WHAT IS REQUIRED: Starting at the line that holds "(\<lambda>k. V k" and stopping at the line that holds "define C' where", restate the records below word for word, with both of those lines included.

Records from a data source

----------

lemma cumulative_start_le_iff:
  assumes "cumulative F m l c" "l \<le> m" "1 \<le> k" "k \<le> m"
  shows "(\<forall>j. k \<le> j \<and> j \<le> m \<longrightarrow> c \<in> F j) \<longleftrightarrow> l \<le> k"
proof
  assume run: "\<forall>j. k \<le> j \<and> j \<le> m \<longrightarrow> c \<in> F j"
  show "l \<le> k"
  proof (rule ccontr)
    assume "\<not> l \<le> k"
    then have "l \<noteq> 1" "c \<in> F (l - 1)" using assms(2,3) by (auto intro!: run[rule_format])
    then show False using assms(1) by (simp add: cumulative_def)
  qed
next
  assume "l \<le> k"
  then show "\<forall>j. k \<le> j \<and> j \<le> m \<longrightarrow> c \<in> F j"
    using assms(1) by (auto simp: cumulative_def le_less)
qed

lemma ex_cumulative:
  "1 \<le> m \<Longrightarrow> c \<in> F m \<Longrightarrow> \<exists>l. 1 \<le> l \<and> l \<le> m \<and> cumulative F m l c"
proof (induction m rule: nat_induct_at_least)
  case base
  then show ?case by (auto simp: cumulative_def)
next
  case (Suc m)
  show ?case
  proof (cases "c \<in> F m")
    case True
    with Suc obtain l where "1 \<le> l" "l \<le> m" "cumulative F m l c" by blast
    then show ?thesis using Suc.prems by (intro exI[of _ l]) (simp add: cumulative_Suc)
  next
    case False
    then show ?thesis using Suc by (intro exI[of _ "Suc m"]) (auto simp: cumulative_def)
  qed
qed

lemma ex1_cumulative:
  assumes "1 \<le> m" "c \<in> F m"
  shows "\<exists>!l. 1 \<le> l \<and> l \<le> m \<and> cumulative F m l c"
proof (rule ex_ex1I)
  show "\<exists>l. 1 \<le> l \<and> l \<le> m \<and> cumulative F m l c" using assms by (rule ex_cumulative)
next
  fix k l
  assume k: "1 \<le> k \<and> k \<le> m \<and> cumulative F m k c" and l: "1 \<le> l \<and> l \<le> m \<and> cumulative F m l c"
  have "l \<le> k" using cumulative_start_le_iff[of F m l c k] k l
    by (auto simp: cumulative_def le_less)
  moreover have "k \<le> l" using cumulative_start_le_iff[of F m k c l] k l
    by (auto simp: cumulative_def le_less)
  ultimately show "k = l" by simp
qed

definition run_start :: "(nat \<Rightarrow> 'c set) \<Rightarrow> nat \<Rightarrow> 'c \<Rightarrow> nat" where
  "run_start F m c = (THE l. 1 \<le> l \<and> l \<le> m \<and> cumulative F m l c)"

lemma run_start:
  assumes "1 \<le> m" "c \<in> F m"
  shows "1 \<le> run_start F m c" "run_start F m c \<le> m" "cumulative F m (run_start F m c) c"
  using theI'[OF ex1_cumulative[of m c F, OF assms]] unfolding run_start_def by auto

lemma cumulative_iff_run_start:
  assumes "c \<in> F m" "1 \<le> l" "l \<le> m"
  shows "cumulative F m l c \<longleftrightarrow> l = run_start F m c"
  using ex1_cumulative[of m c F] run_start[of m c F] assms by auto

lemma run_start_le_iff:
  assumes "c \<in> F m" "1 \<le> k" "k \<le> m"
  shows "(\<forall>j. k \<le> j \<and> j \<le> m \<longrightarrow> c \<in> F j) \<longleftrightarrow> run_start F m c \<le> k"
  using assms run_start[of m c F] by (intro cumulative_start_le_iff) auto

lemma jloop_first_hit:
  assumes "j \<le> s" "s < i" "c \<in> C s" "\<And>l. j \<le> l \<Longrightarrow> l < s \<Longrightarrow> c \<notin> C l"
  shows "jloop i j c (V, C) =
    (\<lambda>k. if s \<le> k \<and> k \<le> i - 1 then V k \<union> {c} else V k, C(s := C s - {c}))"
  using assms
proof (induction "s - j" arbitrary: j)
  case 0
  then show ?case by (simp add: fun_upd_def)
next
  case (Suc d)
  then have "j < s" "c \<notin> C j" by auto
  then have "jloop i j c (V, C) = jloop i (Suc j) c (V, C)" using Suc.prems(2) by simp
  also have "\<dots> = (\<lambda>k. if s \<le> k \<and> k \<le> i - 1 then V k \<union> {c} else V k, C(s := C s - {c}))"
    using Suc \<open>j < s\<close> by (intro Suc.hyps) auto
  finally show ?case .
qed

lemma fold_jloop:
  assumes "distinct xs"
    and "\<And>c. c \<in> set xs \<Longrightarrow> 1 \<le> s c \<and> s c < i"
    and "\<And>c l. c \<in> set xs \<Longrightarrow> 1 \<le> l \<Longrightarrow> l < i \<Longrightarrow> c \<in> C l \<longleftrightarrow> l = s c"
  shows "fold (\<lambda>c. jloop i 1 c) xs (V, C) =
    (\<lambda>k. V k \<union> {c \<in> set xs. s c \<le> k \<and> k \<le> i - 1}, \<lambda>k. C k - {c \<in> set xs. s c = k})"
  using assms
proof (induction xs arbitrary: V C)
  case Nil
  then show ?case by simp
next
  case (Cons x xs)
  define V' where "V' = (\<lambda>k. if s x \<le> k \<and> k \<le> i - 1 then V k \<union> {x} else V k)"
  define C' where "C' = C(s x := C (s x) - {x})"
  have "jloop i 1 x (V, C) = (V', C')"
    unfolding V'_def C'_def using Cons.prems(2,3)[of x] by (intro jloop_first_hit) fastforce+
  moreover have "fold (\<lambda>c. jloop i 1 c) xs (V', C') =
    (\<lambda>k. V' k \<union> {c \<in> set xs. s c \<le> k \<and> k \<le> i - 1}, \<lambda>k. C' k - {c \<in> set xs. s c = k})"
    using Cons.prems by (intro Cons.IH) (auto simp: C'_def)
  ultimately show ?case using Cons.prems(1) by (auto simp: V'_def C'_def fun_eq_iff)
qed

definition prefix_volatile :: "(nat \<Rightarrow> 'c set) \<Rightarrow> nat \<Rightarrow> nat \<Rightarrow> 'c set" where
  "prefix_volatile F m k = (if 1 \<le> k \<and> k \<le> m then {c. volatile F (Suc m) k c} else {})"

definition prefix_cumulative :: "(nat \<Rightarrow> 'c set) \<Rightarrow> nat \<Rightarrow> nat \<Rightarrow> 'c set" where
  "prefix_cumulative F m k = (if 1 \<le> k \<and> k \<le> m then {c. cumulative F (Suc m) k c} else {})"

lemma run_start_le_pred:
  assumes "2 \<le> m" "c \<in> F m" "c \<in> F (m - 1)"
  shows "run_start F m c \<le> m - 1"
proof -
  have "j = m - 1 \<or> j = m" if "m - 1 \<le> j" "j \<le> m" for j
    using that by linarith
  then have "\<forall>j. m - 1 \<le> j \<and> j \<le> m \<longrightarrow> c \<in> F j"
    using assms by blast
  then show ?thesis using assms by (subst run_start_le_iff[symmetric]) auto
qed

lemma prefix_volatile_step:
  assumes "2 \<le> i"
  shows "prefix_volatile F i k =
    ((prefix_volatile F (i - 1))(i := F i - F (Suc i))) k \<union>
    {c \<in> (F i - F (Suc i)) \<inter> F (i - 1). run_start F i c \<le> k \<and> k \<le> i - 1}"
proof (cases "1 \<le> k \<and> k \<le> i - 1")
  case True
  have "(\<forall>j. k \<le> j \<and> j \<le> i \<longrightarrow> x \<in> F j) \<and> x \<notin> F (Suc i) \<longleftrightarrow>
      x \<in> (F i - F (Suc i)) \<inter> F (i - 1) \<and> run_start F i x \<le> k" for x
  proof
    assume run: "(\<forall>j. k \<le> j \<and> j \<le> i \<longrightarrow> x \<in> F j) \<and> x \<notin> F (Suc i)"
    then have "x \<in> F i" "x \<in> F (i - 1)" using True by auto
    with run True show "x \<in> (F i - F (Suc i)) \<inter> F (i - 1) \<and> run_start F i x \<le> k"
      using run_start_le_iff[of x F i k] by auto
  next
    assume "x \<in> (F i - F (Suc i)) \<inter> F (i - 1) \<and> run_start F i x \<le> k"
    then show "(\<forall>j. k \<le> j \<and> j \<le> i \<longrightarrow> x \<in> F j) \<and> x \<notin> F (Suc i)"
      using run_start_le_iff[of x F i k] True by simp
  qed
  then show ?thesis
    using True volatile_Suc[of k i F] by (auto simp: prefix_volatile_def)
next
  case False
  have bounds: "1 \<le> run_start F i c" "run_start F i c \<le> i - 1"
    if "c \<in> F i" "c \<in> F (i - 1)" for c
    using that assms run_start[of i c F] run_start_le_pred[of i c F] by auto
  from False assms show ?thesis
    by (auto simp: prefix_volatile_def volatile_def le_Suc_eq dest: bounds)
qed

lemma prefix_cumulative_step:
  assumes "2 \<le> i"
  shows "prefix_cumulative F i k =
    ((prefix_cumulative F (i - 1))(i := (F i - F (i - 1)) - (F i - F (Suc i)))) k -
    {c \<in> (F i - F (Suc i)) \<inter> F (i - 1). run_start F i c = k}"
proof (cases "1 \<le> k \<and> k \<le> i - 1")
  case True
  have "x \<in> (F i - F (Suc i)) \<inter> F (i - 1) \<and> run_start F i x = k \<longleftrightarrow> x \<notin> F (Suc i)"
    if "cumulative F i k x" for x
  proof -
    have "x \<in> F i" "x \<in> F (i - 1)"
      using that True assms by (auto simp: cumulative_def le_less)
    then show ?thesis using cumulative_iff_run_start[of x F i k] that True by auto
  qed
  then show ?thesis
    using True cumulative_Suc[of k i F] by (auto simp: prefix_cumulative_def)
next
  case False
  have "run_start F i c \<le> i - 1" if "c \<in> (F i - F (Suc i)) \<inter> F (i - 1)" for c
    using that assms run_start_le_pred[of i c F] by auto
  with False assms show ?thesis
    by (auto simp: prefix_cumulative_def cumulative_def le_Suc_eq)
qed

----------

EXERCISE OUTPUT:
    (\<lambda>k. V k \<union> {c \<in> set xs. s c \<le> k \<and> k \<le> i - 1}, \<lambda>k. C k - {c \<in> set xs. s c = k})"
  using assms
proof (induction xs arbitrary: V C)
  case Nil
  then show ?case by simp
next
  case (Cons x xs)
  define V' where "V' = (\<lambda>k. if s x \<le> k \<and> k \<le> i - 1 then V k \<union> {x} else V k)"
  define C' where "C' = C(s x := C (s x) - {x})"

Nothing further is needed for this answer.